Monday, Apr. 07, 1958

Rogues' Gallery

Four Republican and three Democratic Senators last week signed the most scathing bipartisan indictment of a large segment of U.S. organized labor to come out of a congressional committee since the unions hit their heyday under the New Deal. In an interim report based on 16,000 interviews by investigators, testimony by 486 witnesses at hearings and 17,485 transcript pages, a special Senate committee headed by Arkansas Democrat John McClellan freely used such words as "plunder" and "hoodlums," "gangsters" and "thievery" and "collusion," and "crime against the community." Major finding: "Union funds in excess of $10 million were either stolen, embezzled or misused by union officials over a period of 15 years."

Taking pains to point out that its findings were limited to the few unions it had investigated, the McClellan committee bore down hardest on the biggest, richest and most powerful of them all: the International Brotherhood of Teamsters, which, said the committee, can "stop the nation's economic pulse." The committee accused ousted Teamster President Dave Beck of "thievery" arising from "uncontrollable greed"; it said that the Teamsters' new president, James Hoffa, runs "a hoodlum empire." Said the report: "The power of the Teamsters Union president is extraordinary . . . that this power is now lodged in the hands of a man such as Hoffa [is] tragic for the Teamsters Union and dangerous for the country at large."

By signing the report, at least two of the committee members, Massachusetts' Democratic Senator John Kennedy and New York's Republican Senator Irving Ives, took their political lives in their hands in their heavily industrial states.

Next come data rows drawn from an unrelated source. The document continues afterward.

(* Let $P^\ast$ be an $n\times k$ minimal matrix representation of a $0/1$-polytope with $k$ vertices. Then for each $j\in\{1,\dots,k-1\}$, the submatrix $P_j^\ast$ of $P^\ast$ consisting of its $j$ leftmost columns is a minimal matrix representation of a $0/1$-polytope with $j$ vertices.
   Context: For $x\in\{0,1\}^n$ its column number is $v_n^\top x$ with $v_n^\top=(2^0,2^1,\dots,2^{n-1})$. For an $n\times m$ $0/1$-matrix $P$ with pairwise distinct columns, $\nu(P)$ is the vector of its column numbers sorted increasingly. $P$ is a minimal matrix representation (of the $0/1$-polytope whose vertices are its columns) if its column numbers $v_n^\top P$ are strictly increasing from left to right and $\nu(P)\preceq\nu(Q)$ in lexicographic order for every matrix $Q$ obtained from $P$ by complementing (exchanging $0\leftrightarrow1$) the entries of some subset of its rows and then permuting its rows. *)

theory Defs
  imports Main "HOL-Combinatorics.Permutations"
begin

text \<open>An n x m 0/1-matrix is represented by a function P :: nat => nat => bool,
  where P i j is the entry in row i < n and column j < m (True = 1, False = 0).
  Entries outside the index range are irrelevant.\<close>

definition colnum :: "nat \<Rightarrow> (nat \<Rightarrow> nat \<Rightarrow> bool) \<Rightarrow> nat \<Rightarrow> nat" where
  "colnum n P j = (\<Sum>i<n. of_bool (P i j) * 2 ^ i)"

definition distinct_cols :: "nat \<Rightarrow> nat \<Rightarrow> (nat \<Rightarrow> nat \<Rightarrow> bool) \<Rightarrow> bool" where
  "distinct_cols n m P \<longleftrightarrow> (\<forall>j<m. \<forall>j'<m. j \<noteq> j' \<longrightarrow> (\<exists>i<n. P i j \<noteq> P i j'))"

definition nu :: "nat \<Rightarrow> nat \<Rightarrow> (nat \<Rightarrow> nat \<Rightarrow> bool) \<Rightarrow> nat list" where
  "nu n m P = sort (map (colnum n P) [0..<m])"

definition flip_perm :: "nat set \<Rightarrow> (nat \<Rightarrow> nat) \<Rightarrow> (nat \<Rightarrow> nat \<Rightarrow> bool) \<Rightarrow> (nat \<Rightarrow> nat \<Rightarrow> bool)" where
  "flip_perm S \<sigma> P = (\<lambda>i j. if \<sigma> i \<in> S then \<not> P (\<sigma> i) j else P (\<sigma> i) j)"

definition minimal_matrix_rep :: "nat \<Rightarrow> nat \<Rightarrow> (nat \<Rightarrow> nat \<Rightarrow> bool) \<Rightarrow> bool" where
  "minimal_matrix_rep n m P \<longleftrightarrow>
     distinct_cols n m P \<and>
     (\<forall>j j'. j < j' \<and> j' < m \<longrightarrow> colnum n P j < colnum n P j') \<and>
     (\<forall>S \<sigma>. S \<subseteq> {..<n} \<and> \<sigma> permutes {..<n} \<longrightarrow>
        lexordp_eq (nu n m P) (nu n m (flip_perm S \<sigma> P)))"

end

theory Submission
  imports Defs
begin

text \<open>Since the columns of a minimal representation are increasing, the column-number
  list of its first \<open>j\<close> columns is the length-\<open>j\<close> prefix of \<open>\<nu>(P)\<close>. For any
  row-complemented and row-permuted \<open>Q\<close>, the \<open>i\<close>-th smallest column number among the
  first \<open>j\<close> columns of \<open>Q\<close> is at least the \<open>i\<close>-th smallest among all \<open>k\<close> columns. Hence
  \<open>\<nu>(P\<^sub>j) = take j \<nu>(P) \<preceq> take j \<nu>(Q) \<preceq> \<nu>(Q\<^sub>j)\<close>, the first step because truncation
  preserves the lexicographic order and the second because the comparison is entrywise.\<close>

lemma lexordp_eq_take:
  fixes xs ys :: "'a::linorder list"
  assumes "lexordp_eq xs ys"
  shows "lexordp_eq (take j xs) (take j ys)"
  using assms
proof (induction arbitrary: j rule: lexordp_eq.induct)
  case (Cons_eq x y xs ys)
  then show ?case by (cases j) auto
qed (auto simp: take_Cons')

lemma lexordp_eq_if_nth_le:
  fixes xs ys :: "'a::linorder list"
  assumes "length xs \<le> length ys" and "\<And>i. i < length xs \<Longrightarrow> xs ! i \<le> ys ! i"
  shows "lexordp_eq xs ys"
  using assms
proof (induction xs arbitrary: ys)
  case (Cons x xs)
  then obtain y ys' where ys: "ys = y # ys'" by (cases ys) auto
  have "x \<le> y" using Cons.prems(2)[of 0] ys by simp
  moreover have "lexordp_eq xs ys'"
  proof (rule Cons.IH)
    show "length xs \<le> length ys'" using Cons.prems(1) ys by simp
    show "xs ! i \<le> ys' ! i" if "i < length xs" for i
      using Cons.prems(2)[of "Suc i"] that ys by simp
  qed
  ultimately show ?case using ys by auto
qed simp

lemma sorted_nth_le_iff_less_length_filter:
  fixes s :: "'a::linorder list"
  assumes "sorted s" and "i < length s"
  shows "s ! i \<le> v \<longleftrightarrow> i < length (filter (\<lambda>x. x \<le> v) s)"
proof -
  let ?A = "{l. l < length s \<and> s ! l \<le> v}"
  have count: "length (filter (\<lambda>x. x \<le> v) s) = card ?A"
    by (simp add: length_filter_conv_card)
  show ?thesis
  proof
    assume "s ! i \<le> v"
    then have "{..i} \<subseteq> ?A"
      using assms sorted_nth_mono by fastforce
    then have "card {..i} \<le> card ?A"
      by (intro card_mono) auto
    then show "i < length (filter (\<lambda>x. x \<le> v) s)" using count by simp
  next
    assume less: "i < length (filter (\<lambda>x. x \<le> v) s)"
    show "s ! i \<le> v"
    proof (rule ccontr)
      assume "\<not> s ! i \<le> v"
      have "?A \<subseteq> {..<i}"
      proof
        fix l assume l: "l \<in> ?A"
        show "l \<in> {..<i}"
        proof (rule ccontr)
          assume "l \<notin> {..<i}"
          then have "s ! i \<le> s ! l" using assms l by (simp add: sorted_nth_mono)
          with l \<open>\<not> s ! i \<le> v\<close> show False by (auto intro: order_trans)
        qed
      qed
      then have "card ?A \<le> i"
        using card_mono[of "{..<i}" ?A] by simp
      with less count show False by simp
    qed
  qed
qed

lemma nth_sort_append_le:
  fixes xs ys :: "'a::linorder list"
  assumes "i < length xs"
  shows "sort (xs @ ys) ! i \<le> sort xs ! i"
proof -
  let ?v = "sort xs ! i"
  have "i < length (filter (\<lambda>x. x \<le> ?v) xs)"
    using sorted_nth_le_iff_less_length_filter[of "sort xs" i ?v] assms
    by (simp add: filter_sort)
  also have "\<dots> \<le> length (filter (\<lambda>x. x \<le> ?v) (xs @ ys))"
    by simp
  finally show ?thesis
    using sorted_nth_le_iff_less_length_filter[of "sort (xs @ ys)" i ?v] assms
    by (simp add: filter_sort)
qed

lemma length_nu [simp]: "length (nu n m Q) = m"
  by (simp add: nu_def)

lemma nth_nu_le_nth_nu_prefix:
  assumes "j \<le> k" and "i < j"
  shows "nu n k Q ! i \<le> nu n j Q ! i"
proof -
  have "[0..<k] = [0..<j] @ [j..<k]"
    using assms(1) upt_add_eq_append[of 0 j "k - j"] by simp
  then show ?thesis
    using nth_sort_append_le[of i "map (colnum n Q) [0..<j]"] assms(2)
    by (simp add: nu_def)
qed

lemma nu_eq_map_colnum:
  assumes "\<forall>j j'. j < j' \<and> j' < m \<longrightarrow> colnum n P j < colnum n P j'"
  shows "nu n m P = map (colnum n P) [0..<m]"
proof -
  have "sorted (map (colnum n P) [0..<m])"
    using assms by (auto simp: sorted_iff_nth_mono_less intro: less_imp_le)
  then show ?thesis unfolding nu_def by (simp add: sorted_sort_id)
qed

theorem lemma4p10:
  fixes n k j :: nat and P :: "nat \<Rightarrow> nat \<Rightarrow> bool"
  assumes "minimal_matrix_rep n k P"
    and "1 \<le> j" and "j \<le> k - 1"
  shows "minimal_matrix_rep n j P"
proof -
  have "j \<le> k" using assms(3) by simp
  have distinct: "distinct_cols n k P"
    and incr: "\<forall>j j'. j < j' \<and> j' < k \<longrightarrow> colnum n P j < colnum n P j'"
    and minimal: "\<And>S \<sigma>. S \<subseteq> {..<n} \<Longrightarrow> \<sigma> permutes {..<n} \<Longrightarrow>
      lexordp_eq (nu n k P) (nu n k (flip_perm S \<sigma> P))"
    using assms(1) unfolding minimal_matrix_rep_def by auto
  have incr_j: "\<forall>i i'. i < i' \<and> i' < j \<longrightarrow> colnum n P i < colnum n P i'"
    using incr \<open>j \<le> k\<close> by auto
  have prefix: "nu n j P = take j (nu n k P)"
    using nu_eq_map_colnum[OF incr] nu_eq_map_colnum[OF incr_j] \<open>j \<le> k\<close> by (simp add: take_map)
  have "lexordp_eq (nu n j P) (nu n j (flip_perm S \<sigma> P))"
    if "S \<subseteq> {..<n}" and "\<sigma> permutes {..<n}" for S \<sigma>
  proof -
    let ?Q = "flip_perm S \<sigma> P"
    have "lexordp_eq (nu n j P) (take j (nu n k ?Q))"
      unfolding prefix by (rule lexordp_eq_take[OF minimal[OF that]])
    moreover have "lexordp_eq (take j (nu n k ?Q)) (nu n j ?Q)"
      using nth_nu_le_nth_nu_prefix[OF \<open>j \<le> k\<close>] by (intro lexordp_eq_if_nth_le) auto
    ultimately show ?thesis by (rule lexordp_eq_trans)
  qed
  moreover have "distinct_cols n j P"
    using distinct \<open>j \<le> k\<close> unfolding distinct_cols_def by auto
  ultimately show ?thesis
    unfolding minimal_matrix_rep_def using incr_j by blast
qed

end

The lone dissident was Michigan's Democratic Senator Pat McNamara, for 18 years an official of a pipe fitters' local, who argued that organized labor could clean its own house, heavy-handedly suggested that it was time for the McClellan committee to go out of business. He was promptly and loudly supported by A.F.L.-C.I.O. President George Meany, who called the report "a disgraceful example of the use of sensationalism in an attempt to smear the trade-union movement." Like Pipe Fitter McNamara, Plumber Meany pointed out that the A.F.L.-C.I.O. has kicked out the Teamsters and a couple of other corrupt unions. Neither mentioned that organized labor allowed its ugly situation to grow uglier for years--until the McClellan committee came along.